Assigned task:
The first line of the entries below, the line containing "real \<Rightarrow> real \<Rightarrow> real \<Rightarrow>", and every line between them should be repeated exactly, and nothing else.

--------------------

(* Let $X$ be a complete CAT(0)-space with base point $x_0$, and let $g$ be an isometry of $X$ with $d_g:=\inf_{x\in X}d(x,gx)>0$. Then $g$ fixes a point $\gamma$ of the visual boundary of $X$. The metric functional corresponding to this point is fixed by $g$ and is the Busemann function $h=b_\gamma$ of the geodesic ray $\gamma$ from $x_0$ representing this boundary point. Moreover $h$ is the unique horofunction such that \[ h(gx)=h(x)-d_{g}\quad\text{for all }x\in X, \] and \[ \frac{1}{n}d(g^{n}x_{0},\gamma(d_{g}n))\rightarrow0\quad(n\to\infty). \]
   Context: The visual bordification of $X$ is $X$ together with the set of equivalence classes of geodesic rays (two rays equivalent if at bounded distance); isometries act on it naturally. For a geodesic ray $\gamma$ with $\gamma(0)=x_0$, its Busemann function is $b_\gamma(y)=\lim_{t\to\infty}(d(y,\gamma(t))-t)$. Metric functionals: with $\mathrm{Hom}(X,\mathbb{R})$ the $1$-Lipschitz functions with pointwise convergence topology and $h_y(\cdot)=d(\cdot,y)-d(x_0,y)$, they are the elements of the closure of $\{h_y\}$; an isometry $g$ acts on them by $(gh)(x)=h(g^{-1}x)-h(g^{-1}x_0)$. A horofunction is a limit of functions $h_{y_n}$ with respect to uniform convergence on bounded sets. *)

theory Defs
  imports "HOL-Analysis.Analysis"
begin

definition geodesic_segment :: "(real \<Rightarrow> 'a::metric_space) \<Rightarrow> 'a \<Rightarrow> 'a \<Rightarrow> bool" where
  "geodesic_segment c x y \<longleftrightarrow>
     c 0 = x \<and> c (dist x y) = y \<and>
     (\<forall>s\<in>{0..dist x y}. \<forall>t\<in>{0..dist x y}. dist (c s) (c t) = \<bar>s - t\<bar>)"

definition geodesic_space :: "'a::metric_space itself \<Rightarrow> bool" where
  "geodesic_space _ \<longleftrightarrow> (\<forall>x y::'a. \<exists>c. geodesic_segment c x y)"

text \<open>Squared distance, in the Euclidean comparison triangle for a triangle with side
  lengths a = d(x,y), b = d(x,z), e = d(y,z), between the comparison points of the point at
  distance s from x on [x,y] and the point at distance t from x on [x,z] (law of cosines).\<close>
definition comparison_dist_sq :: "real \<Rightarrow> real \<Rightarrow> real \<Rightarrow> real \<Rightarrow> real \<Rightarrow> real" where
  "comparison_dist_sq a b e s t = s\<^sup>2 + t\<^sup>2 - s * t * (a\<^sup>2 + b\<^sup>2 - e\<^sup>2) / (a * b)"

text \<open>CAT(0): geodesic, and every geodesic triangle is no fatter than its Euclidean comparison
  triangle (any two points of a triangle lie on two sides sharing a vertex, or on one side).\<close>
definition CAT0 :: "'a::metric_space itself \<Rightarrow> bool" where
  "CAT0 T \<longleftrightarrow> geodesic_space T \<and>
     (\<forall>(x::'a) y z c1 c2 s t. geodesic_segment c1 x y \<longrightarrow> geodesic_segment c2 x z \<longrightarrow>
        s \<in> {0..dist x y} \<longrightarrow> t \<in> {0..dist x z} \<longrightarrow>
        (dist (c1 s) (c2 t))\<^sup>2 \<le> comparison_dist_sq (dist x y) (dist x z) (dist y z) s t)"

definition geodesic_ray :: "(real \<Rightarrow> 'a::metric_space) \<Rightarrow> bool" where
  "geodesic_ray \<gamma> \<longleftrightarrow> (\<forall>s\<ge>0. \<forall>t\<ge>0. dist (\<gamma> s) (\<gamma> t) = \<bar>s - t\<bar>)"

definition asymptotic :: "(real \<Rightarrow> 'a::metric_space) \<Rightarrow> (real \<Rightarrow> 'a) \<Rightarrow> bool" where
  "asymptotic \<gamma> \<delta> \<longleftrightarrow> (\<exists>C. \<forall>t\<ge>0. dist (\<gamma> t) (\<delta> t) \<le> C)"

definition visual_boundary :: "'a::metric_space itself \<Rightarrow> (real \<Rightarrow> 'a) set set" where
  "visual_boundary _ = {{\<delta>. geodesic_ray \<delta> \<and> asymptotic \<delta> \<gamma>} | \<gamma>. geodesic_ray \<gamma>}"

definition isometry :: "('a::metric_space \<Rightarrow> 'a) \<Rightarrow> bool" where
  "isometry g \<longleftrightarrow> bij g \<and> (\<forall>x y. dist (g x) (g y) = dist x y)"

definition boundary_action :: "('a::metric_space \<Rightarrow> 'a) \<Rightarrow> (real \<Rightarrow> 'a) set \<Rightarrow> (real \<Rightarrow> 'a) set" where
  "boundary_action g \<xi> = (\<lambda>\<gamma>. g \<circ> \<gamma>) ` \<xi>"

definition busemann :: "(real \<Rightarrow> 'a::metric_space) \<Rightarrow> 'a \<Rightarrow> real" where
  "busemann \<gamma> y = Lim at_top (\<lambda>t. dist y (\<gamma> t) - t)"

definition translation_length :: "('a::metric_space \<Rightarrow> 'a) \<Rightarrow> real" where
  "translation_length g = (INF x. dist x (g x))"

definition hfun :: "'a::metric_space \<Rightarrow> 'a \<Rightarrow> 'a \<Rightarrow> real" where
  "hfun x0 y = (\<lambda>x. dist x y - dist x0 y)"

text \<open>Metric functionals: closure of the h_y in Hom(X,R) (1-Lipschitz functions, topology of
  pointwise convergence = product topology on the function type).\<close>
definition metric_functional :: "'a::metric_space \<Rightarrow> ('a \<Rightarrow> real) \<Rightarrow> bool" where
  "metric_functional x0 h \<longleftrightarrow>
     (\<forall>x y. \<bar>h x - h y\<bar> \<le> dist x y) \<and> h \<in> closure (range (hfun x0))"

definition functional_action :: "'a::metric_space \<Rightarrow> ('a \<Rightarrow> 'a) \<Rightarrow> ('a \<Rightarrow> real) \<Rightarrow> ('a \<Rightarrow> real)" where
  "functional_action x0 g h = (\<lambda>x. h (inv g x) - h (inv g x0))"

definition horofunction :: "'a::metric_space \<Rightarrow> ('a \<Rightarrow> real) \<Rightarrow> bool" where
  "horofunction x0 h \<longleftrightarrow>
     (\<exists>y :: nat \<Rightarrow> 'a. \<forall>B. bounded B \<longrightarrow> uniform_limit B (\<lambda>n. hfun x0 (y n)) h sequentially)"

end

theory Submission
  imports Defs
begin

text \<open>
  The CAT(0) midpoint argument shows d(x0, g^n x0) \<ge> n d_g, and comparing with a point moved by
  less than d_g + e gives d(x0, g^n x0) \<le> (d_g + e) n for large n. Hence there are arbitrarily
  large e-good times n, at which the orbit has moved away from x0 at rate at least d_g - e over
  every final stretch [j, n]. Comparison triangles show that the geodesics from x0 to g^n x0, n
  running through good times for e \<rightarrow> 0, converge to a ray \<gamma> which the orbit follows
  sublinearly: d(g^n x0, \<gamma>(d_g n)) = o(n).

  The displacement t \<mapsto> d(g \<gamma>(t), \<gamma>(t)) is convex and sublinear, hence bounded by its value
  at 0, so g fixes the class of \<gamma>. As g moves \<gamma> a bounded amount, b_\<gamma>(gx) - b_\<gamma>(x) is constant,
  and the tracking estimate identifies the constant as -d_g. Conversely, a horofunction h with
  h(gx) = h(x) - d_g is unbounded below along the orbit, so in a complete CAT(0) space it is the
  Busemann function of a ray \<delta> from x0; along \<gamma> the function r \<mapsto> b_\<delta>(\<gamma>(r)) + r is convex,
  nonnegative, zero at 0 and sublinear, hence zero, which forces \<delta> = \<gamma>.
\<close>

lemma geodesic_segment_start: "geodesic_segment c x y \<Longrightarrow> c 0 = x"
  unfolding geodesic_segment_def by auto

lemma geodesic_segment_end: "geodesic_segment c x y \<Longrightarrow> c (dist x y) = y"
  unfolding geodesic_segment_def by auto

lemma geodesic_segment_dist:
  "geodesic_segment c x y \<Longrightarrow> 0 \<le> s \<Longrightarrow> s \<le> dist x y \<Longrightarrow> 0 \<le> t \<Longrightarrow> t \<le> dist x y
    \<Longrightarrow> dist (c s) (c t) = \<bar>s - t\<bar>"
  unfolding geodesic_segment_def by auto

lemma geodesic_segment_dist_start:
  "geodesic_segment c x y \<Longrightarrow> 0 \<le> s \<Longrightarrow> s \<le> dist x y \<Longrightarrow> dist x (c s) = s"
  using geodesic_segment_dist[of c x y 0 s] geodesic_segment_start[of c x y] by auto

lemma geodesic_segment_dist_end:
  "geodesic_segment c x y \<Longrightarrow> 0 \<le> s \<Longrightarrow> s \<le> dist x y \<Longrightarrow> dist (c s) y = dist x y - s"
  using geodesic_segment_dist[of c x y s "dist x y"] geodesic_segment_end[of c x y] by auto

--------------------

Task output:
(* Let $X$ be a complete CAT(0)-space with base point $x_0$, and let $g$ be an isometry of $X$ with $d_g:=\inf_{x\in X}d(x,gx)>0$. Then $g$ fixes a point $\gamma$ of the visual boundary of $X$. The metric functional corresponding to this point is fixed by $g$ and is the Busemann function $h=b_\gamma$ of the geodesic ray $\gamma$ from $x_0$ representing this boundary point. Moreover $h$ is the unique horofunction such that \[ h(gx)=h(x)-d_{g}\quad\text{for all }x\in X, \] and \[ \frac{1}{n}d(g^{n}x_{0},\gamma(d_{g}n))\rightarrow0\quad(n\to\infty). \]
   Context: The visual bordification of $X$ is $X$ together with the set of equivalence classes of geodesic rays (two rays equivalent if at bounded distance); isometries act on it naturally. For a geodesic ray $\gamma$ with $\gamma(0)=x_0$, its Busemann function is $b_\gamma(y)=\lim_{t\to\infty}(d(y,\gamma(t))-t)$. Metric functionals: with $\mathrm{Hom}(X,\mathbb{R})$ the $1$-Lipschitz functions with pointwise convergence topology and $h_y(\cdot)=d(\cdot,y)-d(x_0,y)$, they are the elements of the closure of $\{h_y\}$; an isometry $g$ acts on them by $(gh)(x)=h(g^{-1}x)-h(g^{-1}x_0)$. A horofunction is a limit of functions $h_{y_n}$ with respect to uniform convergence on bounded sets. *)

theory Defs
  imports "HOL-Analysis.Analysis"
begin

definition geodesic_segment :: "(real \<Rightarrow> 'a::metric_space) \<Rightarrow> 'a \<Rightarrow> 'a \<Rightarrow> bool" where
  "geodesic_segment c x y \<longleftrightarrow>
     c 0 = x \<and> c (dist x y) = y \<and>
     (\<forall>s\<in>{0..dist x y}. \<forall>t\<in>{0..dist x y}. dist (c s) (c t) = \<bar>s - t\<bar>)"

definition geodesic_space :: "'a::metric_space itself \<Rightarrow> bool" where
  "geodesic_space _ \<longleftrightarrow> (\<forall>x y::'a. \<exists>c. geodesic_segment c x y)"

text \<open>Squared distance, in the Euclidean comparison triangle for a triangle with side
  lengths a = d(x,y), b = d(x,z), e = d(y,z), between the comparison points of the point at
  distance s from x on [x,y] and the point at distance t from x on [x,z] (law of cosines).\<close>
definition comparison_dist_sq :: "real \<Rightarrow> real \<Rightarrow> real \<Rightarrow> real \<Rightarrow> real \<Rightarrow> real" where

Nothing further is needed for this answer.